:: TASK DATA ::

(* Let $N\ge 2$ and let $\gamma_k$ ($k=1,\dots,N-1$) be as defined below. Then as $\lambda\to+\infty$, $$R_1=\sum_{k=1}^{N-1}\frac{k_{k+1}^2-k_k^2}{4\lambda^2}\Big(1+\mathcal{O}\big(\lambda^{-2}\big)\Big)\exp(-\gamma_k\lambda),$$ meaning that there are functions $\epsilon_k(\lambda)=\mathcal{O}(\lambda^{-2})$ as $\lambda\to+\infty$ such that $R_1=\sum_{k=1}^{N-1}\frac{k_{k+1}^2-k_k^2}{4\lambda^2}(1+\epsilon_k(\lambda))\exp(-\gamma_k\lambda)$ for all sufficiently large $\lambda$.
   Context: Fix real constants $\omega>0$, $\mu>0$, an integer $N\ge 2$, conductivities $\sigma_1,\dots,\sigma_N>0$ and thicknesses $h_1,\dots,h_{N-1}>0$. For $j=1,\dots,N$ let $k_j$ be a complex number with $k_j^2=-i\omega\mu\sigma_j$, and set $k_0:=0$. For real $\lambda>0$ define $u_0(\lambda)=\lambda$ and $u_j(\lambda)=\sqrt{\lambda^2-k_j^2}=\sqrt{\lambda^2+i\omega\mu\sigma_j}$ (principal square root), $j=1,\dots,N$. Define $\Psi_j=\dfrac{u_{j-1}-u_j}{u_{j-1}+u_j}$ for $j=1,\dots,N$, and the reflection terms recursively by $R_N=0$, $$R_j=\frac{R_{j+1}+\Psi_{j+1}}{R_{j+1}\Psi_{j+1}+1}\,e^{-2u_jh_j},\quad j=N-1,\dots,1,\qquad R_0=\frac{R_1+\Psi_1}{R_1\Psi_1+1}.$$ Put $c_i=2h_i\sqrt{1+i\omega\mu\sigma_i/\lambda^2}$ (principal square root) for $i=1,\dots,N-1$, and $\gamma_k=\sum_{i=1}^k c_i$ for $k=1,\dots,N-1$. *)

theory Defs
  imports "HOL-Analysis.Analysis" "HOL-Library.Landau_Symbols"
begin

definition ksq :: "real \<Rightarrow> real \<Rightarrow> (nat \<Rightarrow> real) \<Rightarrow> nat \<Rightarrow> complex" where
  "ksq \<omega> \<mu> \<sigma> j = (if j = 0 then 0 else - \<i> * of_real (\<omega> * \<mu> * \<sigma> j))"

definition uu :: "real \<Rightarrow> real \<Rightarrow> (nat \<Rightarrow> real) \<Rightarrow> nat \<Rightarrow> real \<Rightarrow> complex" where
  "uu \<omega> \<mu> \<sigma> j lam = (if j = 0 then of_real lam
      else csqrt (of_real (lam^2) + \<i> * of_real (\<omega> * \<mu> * \<sigma> j)))"

definition Psi :: "real \<Rightarrow> real \<Rightarrow> (nat \<Rightarrow> real) \<Rightarrow> nat \<Rightarrow> real \<Rightarrow> complex" where
  "Psi \<omega> \<mu> \<sigma> j lam =
     (uu \<omega> \<mu> \<sigma> (j - 1) lam - uu \<omega> \<mu> \<sigma> j lam) / (uu \<omega> \<mu> \<sigma> (j - 1) lam + uu \<omega> \<mu> \<sigma> j lam)"

text \<open>Rtail N m = R_{N-m}, computed by the backward recursion from R_N = 0
  (used for m <= N - 1, i.e. indices j = N, ..., 1).\<close>
fun Rtail :: "real \<Rightarrow> real \<Rightarrow> (nat \<Rightarrow> real) \<Rightarrow> (nat \<Rightarrow> real) \<Rightarrow> nat \<Rightarrow> nat \<Rightarrow> real \<Rightarrow> complex" where
  "Rtail \<omega> \<mu> \<sigma> h N 0 lam = 0"
| "Rtail \<omega> \<mu> \<sigma> h N (Suc m) lam =
     (let r = Rtail \<omega> \<mu> \<sigma> h N m lam; p = Psi \<omega> \<mu> \<sigma> (N - m) lam; j = N - m - 1 in
      (r + p) / (r * p + 1) * exp (- 2 * uu \<omega> \<mu> \<sigma> j lam * of_real (h j)))"

definition Rref :: "real \<Rightarrow> real \<Rightarrow> (nat \<Rightarrow> real) \<Rightarrow> (nat \<Rightarrow> real) \<Rightarrow> nat \<Rightarrow> nat \<Rightarrow> real \<Rightarrow> complex" where
  "Rref \<omega> \<mu> \<sigma> h N j lam = Rtail \<omega> \<mu> \<sigma> h N (N - j) lam"
(* Let $(X_n)$ be i.i.d. in $S$ satisfying $\mathbb P\bigl(\bigcup_{n\ge1}[X_n\cdots X_1\in S^\circ]\bigr)>0$, and assume there exist $0<\alpha\le2$, a slowly varying function $L$ (unbounded if $\alpha=2$) and constants $c_+,c_-\ge0$ with $c_++c_->0$ such that (i) $\lim_{u\to+\infty}\frac{u^\alpha}{L(u)}\mathbb P[N_1>e^u]=c_+$ and $\lim_{u\to+\infty}\frac{u^\alpha}{L(u)}\mathbb P[N_1\le e^{-u}]=c_-$; (ii) $\limsup_{u\to+\infty}\frac{u^\alpha}{L(u)}\mathbb P[V_1\le e^{-u}]<+\infty$. Let $F(u)=(\mu\otimes\nu)\{(g,x)\in S\times\overline B:\xi(g,x)\le u\}$, $u\in\mathbb R$. Then $$\lim_{u\to+\infty}\frac{u^\alpha}{L(u)}\bigl(1-F(u)\bigr)=c_+\qquad\text{and}\qquad\lim_{u\to+\infty}\frac{u^\alpha}{L(u)}F(-u)=c_-.$$
   Context: $S$ is the semigroup of real $q\times q$ matrices with nonnegative entries such that every row and every column contains a strictly positive entry; $S^\circ$ the subset with all entries strictly positive. $(e_i)$ is the canonical basis of $\mathbb R^q$, $\|x\|=\sum_i|x_i|$, $\overline B=\{x\in\mathbb R^q:x_i\ge0,\ \|x\|=1\}$, $g\cdot x=gx/\|gx\|$, $\xi(g,x)=\ln\|gx\|$. $\mu$ is the law of $Y_1=X_1^*$ and $\nu$ is the unique $\mu$-invariant probability measure on $\overline B$ (i.e. $\int\int f(g\cdot x)d\mu(g)d\nu(x)=\int fd\nu$ for all bounded continuous $f$). $N_1=\sum_{i,j}\langle e_i,X_1e_j\rangle$ and $V_1=\min_i\sum_j\langle e_i,X_1e_j\rangle$. *)

theory Defs
  imports "HOL-Probability.Probability"
begin

definition S_set :: "(real^'q^'q) set" where
  "S_set = {g. (\<forall>i j. g $ i $ j \<ge> 0) \<and> (\<forall>i. \<exists>j. g $ i $ j > 0) \<and> (\<forall>j. \<exists>i. g $ i $ j > 0)}"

:: EXERCISE INSTRUCTIONS ::
Within the listing above, locate the line containing "(used for m" and the line containing "lam = Rtail". Reproduce those two lines and all lines between them exactly, with nothing added.

:: ANSWER AREA ::
  (used for m <= N - 1, i.e. indices j = N, ..., 1).\<close>
fun Rtail :: "real \<Rightarrow> real \<Rightarrow> (nat \<Rightarrow> real) \<Rightarrow> (nat \<Rightarrow> real) \<Rightarrow> nat \<Rightarrow> nat \<Rightarrow> real \<Rightarrow> complex" where
  "Rtail \<omega> \<mu> \<sigma> h N 0 lam = 0"
| "Rtail \<omega> \<mu> \<sigma> h N (Suc m) lam =
     (let r = Rtail \<omega> \<mu> \<sigma> h N m lam; p = Psi \<omega> \<mu> \<sigma> (N - m) lam; j = N - m - 1 in
      (r + p) / (r * p + 1) * exp (- 2 * uu \<omega> \<mu> \<sigma> j lam * of_real (h j)))"

definition Rref :: "real \<Rightarrow> real \<Rightarrow> (nat \<Rightarrow> real) \<Rightarrow> (nat \<Rightarrow> real) \<Rightarrow> nat \<Rightarrow> nat \<Rightarrow> real \<Rightarrow> complex" where
  "Rref \<omega> \<mu> \<sigma> h N j lam = Rtail \<omega> \<mu> \<sigma> h N (N - j) lam"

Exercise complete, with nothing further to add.